--- Extracted records Enclosed Below ---
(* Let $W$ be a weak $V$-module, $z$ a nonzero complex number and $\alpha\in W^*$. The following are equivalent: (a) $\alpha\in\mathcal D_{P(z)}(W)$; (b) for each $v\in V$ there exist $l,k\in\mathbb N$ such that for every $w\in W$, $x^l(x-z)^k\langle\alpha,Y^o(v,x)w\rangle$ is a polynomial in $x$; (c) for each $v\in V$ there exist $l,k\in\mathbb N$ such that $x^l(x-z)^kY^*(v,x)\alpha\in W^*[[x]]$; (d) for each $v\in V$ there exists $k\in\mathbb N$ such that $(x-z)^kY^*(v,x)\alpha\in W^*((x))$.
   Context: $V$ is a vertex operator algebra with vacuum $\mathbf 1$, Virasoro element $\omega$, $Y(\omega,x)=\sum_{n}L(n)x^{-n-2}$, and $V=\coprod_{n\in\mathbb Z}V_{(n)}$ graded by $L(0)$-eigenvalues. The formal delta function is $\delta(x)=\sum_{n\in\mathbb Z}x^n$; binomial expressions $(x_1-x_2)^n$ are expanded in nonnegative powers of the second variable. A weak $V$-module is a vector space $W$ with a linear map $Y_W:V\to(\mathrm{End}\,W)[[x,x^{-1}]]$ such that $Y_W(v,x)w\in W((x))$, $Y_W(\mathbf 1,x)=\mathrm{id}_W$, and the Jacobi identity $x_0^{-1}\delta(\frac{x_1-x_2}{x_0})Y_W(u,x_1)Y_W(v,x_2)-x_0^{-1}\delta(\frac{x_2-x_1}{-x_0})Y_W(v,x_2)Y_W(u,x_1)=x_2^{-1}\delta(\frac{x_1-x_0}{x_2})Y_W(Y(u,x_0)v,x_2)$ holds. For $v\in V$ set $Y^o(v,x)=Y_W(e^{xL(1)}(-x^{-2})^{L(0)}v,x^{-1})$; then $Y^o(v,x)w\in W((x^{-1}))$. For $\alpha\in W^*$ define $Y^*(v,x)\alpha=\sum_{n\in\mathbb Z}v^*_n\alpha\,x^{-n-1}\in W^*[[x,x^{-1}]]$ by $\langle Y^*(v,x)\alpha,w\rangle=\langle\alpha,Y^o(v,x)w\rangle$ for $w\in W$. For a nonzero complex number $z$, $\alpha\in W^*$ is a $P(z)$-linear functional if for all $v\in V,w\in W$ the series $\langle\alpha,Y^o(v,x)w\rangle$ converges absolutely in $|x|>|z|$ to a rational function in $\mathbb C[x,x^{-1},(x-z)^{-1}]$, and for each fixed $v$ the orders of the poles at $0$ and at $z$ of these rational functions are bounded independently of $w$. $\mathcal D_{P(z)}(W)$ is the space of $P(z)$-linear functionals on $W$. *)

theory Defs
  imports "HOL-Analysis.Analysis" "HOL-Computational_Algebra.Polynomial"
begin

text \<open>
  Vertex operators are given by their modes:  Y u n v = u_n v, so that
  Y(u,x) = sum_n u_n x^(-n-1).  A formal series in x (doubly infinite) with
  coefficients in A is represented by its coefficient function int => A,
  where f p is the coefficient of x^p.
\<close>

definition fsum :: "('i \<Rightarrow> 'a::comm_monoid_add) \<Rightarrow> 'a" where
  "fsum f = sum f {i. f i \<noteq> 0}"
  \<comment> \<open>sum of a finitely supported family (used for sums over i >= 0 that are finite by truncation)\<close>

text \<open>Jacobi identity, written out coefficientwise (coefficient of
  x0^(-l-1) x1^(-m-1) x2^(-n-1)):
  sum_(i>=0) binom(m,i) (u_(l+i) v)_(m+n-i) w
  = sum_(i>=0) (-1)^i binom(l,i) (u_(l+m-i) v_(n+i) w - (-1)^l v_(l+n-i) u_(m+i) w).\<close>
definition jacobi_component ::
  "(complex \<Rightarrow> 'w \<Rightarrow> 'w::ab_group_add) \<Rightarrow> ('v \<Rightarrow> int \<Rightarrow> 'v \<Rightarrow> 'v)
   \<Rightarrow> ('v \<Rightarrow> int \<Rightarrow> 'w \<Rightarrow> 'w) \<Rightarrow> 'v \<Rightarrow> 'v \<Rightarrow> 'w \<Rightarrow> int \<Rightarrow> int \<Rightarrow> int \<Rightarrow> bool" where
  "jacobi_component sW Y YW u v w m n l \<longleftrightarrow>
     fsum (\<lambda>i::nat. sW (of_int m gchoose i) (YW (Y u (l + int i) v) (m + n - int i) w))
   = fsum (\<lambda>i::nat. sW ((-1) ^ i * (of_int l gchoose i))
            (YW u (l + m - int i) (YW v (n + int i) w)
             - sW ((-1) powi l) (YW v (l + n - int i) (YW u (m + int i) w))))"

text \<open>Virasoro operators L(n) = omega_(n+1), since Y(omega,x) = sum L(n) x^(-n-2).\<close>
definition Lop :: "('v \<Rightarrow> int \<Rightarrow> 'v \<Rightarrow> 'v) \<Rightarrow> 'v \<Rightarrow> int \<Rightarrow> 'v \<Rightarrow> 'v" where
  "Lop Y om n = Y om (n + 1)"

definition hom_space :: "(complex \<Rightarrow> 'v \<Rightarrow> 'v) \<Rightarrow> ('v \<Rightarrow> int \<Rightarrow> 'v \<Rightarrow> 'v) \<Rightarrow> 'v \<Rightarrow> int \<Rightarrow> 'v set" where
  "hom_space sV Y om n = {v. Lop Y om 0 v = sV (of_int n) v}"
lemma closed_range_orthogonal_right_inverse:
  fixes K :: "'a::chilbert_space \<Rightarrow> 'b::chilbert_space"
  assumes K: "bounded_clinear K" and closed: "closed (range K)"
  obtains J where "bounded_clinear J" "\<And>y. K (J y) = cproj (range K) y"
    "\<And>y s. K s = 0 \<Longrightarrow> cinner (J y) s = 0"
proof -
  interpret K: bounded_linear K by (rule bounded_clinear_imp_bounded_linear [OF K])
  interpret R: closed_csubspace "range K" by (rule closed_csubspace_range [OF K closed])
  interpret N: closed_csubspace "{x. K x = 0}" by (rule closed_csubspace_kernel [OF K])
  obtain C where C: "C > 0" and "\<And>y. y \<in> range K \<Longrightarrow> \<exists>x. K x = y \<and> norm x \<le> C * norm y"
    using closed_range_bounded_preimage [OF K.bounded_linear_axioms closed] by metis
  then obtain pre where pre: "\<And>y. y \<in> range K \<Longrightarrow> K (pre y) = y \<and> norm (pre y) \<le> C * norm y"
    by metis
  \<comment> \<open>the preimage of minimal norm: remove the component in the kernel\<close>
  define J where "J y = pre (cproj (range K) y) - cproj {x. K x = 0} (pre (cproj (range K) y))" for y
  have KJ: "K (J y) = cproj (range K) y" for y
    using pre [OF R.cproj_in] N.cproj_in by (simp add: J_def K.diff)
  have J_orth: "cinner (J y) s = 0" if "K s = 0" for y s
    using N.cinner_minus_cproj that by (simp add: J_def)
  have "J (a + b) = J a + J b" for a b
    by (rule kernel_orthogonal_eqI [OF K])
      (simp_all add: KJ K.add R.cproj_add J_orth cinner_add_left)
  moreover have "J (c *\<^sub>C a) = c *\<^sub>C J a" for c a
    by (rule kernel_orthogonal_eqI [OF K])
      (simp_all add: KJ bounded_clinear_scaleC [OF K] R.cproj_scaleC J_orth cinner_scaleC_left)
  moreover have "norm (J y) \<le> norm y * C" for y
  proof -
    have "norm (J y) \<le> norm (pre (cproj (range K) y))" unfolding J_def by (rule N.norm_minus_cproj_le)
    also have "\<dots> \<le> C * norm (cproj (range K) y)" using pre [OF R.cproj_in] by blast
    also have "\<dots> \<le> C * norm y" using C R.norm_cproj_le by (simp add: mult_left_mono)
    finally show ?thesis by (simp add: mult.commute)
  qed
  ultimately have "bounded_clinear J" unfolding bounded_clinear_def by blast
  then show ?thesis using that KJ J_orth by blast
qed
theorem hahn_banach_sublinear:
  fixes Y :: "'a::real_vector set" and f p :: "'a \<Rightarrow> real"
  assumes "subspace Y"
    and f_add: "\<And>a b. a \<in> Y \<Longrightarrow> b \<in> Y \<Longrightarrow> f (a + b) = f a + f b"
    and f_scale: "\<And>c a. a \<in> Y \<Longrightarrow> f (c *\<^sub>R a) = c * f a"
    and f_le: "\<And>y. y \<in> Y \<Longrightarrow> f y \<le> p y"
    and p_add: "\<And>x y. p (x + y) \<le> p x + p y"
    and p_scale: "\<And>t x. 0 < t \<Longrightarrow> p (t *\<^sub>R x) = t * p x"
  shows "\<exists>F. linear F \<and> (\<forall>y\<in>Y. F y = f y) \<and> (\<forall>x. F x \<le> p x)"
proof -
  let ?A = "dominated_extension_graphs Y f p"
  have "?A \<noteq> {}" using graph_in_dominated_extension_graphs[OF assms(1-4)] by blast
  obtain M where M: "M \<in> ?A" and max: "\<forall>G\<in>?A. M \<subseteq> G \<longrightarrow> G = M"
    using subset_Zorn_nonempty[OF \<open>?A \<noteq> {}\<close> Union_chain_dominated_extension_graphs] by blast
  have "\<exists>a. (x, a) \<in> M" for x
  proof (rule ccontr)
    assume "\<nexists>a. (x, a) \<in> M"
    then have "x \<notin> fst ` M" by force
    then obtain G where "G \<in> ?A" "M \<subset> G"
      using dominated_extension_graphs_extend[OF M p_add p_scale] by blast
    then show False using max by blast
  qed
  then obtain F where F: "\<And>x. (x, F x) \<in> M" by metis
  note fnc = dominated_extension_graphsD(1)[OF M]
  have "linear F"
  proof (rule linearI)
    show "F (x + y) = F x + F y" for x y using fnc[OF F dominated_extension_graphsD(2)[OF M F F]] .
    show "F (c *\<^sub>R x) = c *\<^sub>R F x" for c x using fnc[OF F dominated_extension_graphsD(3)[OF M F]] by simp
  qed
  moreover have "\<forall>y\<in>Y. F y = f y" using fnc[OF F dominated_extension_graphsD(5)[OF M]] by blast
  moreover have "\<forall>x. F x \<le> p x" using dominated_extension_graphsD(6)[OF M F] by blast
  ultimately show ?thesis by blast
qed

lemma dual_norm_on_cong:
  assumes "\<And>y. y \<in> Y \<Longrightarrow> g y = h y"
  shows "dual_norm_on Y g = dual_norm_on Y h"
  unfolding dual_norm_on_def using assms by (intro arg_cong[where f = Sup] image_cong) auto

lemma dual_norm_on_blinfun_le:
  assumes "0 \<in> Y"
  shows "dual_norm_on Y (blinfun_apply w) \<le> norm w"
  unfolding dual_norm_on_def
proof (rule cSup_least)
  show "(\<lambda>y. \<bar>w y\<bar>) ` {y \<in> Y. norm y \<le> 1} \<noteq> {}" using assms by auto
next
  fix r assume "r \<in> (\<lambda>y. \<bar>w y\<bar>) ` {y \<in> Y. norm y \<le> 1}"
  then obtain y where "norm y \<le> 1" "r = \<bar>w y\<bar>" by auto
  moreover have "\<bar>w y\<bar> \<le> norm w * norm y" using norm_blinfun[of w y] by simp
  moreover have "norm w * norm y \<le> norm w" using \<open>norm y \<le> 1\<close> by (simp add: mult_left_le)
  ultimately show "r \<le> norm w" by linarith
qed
--- End of Enclosed Extracted records ---
--- Extracted records Enclosed Below ---
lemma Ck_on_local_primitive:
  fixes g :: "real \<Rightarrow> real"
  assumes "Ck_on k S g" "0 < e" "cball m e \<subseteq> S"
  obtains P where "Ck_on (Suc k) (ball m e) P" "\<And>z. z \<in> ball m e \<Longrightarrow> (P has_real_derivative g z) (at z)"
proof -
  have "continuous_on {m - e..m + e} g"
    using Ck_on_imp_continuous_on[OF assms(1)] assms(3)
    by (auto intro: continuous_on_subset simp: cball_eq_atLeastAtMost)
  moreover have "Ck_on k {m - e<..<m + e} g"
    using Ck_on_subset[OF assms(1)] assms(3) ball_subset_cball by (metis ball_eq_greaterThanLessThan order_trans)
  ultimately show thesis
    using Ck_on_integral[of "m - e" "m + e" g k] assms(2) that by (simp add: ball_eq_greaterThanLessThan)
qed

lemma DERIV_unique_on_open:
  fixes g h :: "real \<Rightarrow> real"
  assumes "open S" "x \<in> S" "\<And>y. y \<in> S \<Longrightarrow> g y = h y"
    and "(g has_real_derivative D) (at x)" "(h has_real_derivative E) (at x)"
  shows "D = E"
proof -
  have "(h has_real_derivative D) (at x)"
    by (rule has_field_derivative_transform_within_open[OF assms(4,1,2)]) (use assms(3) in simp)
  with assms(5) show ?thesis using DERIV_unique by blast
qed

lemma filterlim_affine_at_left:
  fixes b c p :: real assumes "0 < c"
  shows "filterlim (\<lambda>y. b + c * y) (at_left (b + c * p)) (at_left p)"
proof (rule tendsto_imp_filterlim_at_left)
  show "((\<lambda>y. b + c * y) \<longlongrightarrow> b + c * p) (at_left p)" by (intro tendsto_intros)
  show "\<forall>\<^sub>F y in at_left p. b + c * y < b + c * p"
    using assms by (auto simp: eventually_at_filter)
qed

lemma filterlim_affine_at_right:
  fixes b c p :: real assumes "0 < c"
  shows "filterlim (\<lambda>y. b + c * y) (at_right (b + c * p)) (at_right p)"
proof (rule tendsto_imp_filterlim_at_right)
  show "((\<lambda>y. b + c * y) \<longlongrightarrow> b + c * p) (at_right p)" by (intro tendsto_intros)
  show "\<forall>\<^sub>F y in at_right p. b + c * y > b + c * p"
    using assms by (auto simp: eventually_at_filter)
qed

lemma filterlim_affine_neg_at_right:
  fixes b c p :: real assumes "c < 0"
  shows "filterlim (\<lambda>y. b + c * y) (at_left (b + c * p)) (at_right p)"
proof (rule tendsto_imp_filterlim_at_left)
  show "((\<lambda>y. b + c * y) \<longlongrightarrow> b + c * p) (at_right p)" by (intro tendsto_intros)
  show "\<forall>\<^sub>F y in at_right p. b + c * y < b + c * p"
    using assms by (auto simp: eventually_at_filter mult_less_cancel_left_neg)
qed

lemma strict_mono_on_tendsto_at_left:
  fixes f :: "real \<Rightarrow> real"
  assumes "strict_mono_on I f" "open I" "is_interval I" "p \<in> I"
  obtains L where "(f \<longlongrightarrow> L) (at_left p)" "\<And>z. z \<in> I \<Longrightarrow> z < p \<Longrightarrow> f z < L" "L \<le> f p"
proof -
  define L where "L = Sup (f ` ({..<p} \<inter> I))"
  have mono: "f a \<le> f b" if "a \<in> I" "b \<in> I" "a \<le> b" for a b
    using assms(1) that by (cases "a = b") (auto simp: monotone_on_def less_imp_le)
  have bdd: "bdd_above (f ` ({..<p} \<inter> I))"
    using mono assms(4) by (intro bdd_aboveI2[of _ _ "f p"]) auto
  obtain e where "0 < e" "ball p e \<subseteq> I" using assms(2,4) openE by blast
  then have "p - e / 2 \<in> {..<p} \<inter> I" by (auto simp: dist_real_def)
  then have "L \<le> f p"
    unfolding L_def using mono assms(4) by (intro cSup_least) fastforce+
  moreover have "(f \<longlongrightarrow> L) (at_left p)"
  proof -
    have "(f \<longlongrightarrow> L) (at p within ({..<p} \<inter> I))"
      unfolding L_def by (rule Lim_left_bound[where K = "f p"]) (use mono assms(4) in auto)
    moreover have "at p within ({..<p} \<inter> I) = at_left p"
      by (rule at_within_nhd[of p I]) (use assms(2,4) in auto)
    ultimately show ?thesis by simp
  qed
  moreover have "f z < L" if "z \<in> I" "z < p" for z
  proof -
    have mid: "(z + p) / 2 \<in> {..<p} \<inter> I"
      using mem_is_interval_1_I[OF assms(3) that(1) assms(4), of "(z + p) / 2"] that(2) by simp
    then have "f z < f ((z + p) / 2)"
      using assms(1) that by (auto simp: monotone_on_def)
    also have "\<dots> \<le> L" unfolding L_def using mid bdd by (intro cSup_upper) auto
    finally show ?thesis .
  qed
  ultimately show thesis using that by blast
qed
--- End of Enclosed Extracted records ---
--- Extracted records Enclosed Below ---
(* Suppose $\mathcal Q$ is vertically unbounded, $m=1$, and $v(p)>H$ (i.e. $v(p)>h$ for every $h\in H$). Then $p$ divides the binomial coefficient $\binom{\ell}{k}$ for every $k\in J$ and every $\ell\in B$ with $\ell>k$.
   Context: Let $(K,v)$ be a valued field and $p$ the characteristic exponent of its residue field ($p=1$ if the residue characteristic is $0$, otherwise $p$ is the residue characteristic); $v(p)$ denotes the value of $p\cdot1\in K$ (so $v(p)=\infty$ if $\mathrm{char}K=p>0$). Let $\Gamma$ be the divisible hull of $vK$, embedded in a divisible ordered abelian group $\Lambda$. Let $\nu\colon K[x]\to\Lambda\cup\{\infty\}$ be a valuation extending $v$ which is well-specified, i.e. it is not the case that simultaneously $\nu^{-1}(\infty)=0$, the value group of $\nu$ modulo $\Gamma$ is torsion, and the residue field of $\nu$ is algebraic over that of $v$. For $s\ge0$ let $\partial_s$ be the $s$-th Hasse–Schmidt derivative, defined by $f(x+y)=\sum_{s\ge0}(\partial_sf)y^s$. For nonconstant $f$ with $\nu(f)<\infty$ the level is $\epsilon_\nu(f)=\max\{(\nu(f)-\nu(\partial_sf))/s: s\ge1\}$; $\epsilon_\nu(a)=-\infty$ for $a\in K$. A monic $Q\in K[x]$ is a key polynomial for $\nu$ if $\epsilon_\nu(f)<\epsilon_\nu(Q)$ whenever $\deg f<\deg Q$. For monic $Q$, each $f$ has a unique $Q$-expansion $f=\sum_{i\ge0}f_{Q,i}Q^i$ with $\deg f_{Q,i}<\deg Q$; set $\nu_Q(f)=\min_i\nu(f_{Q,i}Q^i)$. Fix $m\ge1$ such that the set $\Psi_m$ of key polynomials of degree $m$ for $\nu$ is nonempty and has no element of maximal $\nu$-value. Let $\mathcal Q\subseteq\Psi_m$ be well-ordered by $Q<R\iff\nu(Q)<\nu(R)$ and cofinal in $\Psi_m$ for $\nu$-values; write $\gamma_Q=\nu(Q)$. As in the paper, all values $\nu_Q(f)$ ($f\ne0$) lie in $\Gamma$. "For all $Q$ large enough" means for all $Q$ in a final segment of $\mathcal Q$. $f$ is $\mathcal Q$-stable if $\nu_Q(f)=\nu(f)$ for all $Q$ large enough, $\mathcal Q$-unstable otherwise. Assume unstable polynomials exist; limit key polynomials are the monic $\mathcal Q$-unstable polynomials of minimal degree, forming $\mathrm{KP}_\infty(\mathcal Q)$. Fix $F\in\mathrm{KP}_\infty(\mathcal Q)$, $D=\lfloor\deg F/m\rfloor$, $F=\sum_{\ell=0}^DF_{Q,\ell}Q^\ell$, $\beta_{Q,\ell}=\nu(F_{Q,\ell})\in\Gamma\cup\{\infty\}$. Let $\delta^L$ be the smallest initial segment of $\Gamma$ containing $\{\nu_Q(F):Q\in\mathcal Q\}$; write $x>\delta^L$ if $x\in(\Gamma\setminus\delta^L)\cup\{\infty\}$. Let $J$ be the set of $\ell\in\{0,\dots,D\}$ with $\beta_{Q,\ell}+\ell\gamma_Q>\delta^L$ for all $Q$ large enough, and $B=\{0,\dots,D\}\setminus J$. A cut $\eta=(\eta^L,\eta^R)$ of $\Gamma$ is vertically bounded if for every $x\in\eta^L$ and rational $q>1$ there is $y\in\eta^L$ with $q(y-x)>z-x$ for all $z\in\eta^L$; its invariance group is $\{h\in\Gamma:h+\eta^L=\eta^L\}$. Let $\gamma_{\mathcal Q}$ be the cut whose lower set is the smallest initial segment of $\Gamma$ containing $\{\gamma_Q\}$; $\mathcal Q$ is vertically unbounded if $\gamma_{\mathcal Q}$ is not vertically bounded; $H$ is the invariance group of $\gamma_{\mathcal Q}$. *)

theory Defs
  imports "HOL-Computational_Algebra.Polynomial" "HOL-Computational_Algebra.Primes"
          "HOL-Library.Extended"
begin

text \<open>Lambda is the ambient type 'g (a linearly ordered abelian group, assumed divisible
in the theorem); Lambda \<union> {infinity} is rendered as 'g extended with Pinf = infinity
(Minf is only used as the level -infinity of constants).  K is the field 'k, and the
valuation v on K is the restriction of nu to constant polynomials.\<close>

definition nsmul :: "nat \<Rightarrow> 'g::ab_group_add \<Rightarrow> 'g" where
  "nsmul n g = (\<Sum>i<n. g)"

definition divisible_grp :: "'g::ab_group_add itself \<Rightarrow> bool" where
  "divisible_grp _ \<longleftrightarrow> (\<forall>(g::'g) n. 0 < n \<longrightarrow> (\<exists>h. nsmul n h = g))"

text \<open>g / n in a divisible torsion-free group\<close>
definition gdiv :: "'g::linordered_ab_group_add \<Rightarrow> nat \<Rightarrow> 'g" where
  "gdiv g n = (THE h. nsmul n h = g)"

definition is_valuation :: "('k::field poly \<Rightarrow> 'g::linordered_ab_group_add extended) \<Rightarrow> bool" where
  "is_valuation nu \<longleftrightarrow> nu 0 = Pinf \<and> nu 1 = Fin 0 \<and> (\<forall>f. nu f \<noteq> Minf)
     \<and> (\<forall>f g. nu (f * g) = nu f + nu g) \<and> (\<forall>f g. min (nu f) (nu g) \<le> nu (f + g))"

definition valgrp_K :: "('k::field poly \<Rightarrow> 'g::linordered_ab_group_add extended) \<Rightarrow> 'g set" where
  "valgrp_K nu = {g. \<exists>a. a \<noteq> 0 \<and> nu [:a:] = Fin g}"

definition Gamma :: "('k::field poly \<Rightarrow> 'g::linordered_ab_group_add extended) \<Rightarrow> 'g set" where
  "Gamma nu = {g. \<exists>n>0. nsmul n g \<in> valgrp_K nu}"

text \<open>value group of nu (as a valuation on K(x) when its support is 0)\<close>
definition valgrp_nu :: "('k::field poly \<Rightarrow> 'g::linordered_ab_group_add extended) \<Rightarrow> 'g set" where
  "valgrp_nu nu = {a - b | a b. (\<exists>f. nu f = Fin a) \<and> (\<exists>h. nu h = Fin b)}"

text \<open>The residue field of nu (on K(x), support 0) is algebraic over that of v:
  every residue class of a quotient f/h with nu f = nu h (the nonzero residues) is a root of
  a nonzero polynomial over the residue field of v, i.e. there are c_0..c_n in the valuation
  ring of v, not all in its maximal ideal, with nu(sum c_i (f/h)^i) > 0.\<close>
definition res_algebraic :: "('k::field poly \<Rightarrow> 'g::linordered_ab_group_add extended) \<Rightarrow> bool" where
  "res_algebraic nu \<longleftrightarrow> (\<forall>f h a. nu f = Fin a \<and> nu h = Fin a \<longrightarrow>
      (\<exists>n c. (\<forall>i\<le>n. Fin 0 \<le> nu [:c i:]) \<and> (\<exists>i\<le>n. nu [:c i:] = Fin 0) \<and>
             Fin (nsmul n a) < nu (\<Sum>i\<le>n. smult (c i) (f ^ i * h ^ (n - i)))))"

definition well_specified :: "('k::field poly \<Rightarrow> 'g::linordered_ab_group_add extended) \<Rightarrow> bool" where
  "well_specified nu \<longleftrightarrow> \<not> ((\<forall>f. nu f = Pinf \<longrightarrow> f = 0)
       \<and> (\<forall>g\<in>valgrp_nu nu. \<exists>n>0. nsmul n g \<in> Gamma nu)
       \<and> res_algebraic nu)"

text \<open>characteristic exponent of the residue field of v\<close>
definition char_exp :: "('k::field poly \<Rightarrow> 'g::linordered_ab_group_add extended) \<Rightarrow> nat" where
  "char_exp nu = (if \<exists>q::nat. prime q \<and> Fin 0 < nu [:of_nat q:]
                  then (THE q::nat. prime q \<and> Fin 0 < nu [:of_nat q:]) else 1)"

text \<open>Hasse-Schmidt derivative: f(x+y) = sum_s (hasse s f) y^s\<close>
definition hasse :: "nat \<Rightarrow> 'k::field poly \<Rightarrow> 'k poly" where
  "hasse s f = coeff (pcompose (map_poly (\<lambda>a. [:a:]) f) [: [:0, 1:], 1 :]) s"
--- End of Enclosed Extracted records ---
» What to do: State how many lines in the data include the string "lemma". Nothing else belongs in the reply.

» Solved problem: 9